* **ASSIGNMENT**:
Read through the listing, and wherever a line holds the word "elim", return it.

*** Opening AVAILABLE DATA ***

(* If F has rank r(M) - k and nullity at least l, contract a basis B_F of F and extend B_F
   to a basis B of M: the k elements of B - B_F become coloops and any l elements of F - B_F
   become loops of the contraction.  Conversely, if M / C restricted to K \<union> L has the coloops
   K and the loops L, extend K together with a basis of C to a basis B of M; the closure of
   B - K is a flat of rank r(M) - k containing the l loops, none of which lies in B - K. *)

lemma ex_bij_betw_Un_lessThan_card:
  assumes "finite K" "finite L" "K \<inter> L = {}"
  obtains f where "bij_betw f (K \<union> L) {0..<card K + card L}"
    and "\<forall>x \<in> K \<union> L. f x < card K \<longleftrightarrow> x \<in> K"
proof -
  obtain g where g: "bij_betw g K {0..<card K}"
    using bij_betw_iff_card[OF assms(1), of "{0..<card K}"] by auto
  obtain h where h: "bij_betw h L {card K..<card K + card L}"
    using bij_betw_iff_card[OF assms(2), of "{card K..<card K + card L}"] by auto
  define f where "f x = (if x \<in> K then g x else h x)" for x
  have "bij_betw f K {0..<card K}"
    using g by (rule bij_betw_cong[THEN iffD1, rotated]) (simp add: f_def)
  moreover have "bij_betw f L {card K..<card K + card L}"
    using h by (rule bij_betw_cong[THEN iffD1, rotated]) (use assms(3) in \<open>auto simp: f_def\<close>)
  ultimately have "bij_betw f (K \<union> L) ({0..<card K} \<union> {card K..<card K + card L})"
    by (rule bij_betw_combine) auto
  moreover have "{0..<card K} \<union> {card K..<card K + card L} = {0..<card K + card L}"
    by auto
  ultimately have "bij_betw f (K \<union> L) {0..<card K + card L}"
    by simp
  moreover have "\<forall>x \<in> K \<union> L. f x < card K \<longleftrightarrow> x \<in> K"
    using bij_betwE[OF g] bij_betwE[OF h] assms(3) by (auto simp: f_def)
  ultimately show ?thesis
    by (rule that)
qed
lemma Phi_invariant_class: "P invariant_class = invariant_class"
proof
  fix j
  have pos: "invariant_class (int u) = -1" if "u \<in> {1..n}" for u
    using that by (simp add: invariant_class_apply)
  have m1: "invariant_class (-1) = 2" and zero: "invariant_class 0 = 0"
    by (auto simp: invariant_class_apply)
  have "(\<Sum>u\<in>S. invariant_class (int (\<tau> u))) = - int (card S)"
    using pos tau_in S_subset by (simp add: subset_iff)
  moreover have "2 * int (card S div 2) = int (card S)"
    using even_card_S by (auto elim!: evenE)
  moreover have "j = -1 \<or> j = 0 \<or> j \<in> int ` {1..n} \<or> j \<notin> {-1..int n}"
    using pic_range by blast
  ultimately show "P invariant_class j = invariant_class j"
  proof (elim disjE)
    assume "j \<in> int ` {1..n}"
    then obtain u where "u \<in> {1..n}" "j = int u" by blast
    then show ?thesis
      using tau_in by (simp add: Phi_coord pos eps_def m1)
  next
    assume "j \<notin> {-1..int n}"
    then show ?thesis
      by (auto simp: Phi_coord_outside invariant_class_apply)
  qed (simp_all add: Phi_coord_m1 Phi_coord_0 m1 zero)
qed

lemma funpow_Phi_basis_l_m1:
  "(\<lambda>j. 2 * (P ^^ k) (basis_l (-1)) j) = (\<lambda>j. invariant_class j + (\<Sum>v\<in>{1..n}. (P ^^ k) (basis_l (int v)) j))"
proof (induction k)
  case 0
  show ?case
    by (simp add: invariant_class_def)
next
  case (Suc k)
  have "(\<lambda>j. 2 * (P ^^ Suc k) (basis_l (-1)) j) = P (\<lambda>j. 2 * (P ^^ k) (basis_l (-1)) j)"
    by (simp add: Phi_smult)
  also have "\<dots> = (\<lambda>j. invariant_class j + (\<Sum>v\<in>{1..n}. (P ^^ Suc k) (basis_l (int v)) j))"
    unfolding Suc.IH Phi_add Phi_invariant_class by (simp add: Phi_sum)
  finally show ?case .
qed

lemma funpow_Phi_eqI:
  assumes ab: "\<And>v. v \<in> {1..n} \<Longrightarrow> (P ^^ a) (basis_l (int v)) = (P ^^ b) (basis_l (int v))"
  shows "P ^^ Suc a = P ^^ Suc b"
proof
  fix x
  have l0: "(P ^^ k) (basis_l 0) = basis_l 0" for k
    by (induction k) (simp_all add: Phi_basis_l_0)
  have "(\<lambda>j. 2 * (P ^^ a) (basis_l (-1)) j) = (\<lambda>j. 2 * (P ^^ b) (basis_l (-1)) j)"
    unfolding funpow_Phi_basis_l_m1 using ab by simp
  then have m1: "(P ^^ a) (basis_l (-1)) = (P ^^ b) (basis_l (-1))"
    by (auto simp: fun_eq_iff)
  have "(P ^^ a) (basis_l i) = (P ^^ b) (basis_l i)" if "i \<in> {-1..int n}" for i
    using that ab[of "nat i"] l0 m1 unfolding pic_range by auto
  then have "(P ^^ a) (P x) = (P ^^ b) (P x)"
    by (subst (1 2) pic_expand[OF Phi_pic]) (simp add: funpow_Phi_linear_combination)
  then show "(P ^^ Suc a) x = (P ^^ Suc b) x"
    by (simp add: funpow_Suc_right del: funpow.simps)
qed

*** Closing AVAILABLE DATA ***

* **YOUR SOLUTION**:
    using even_card_S by (auto elim!: evenE)
  proof (elim disjE)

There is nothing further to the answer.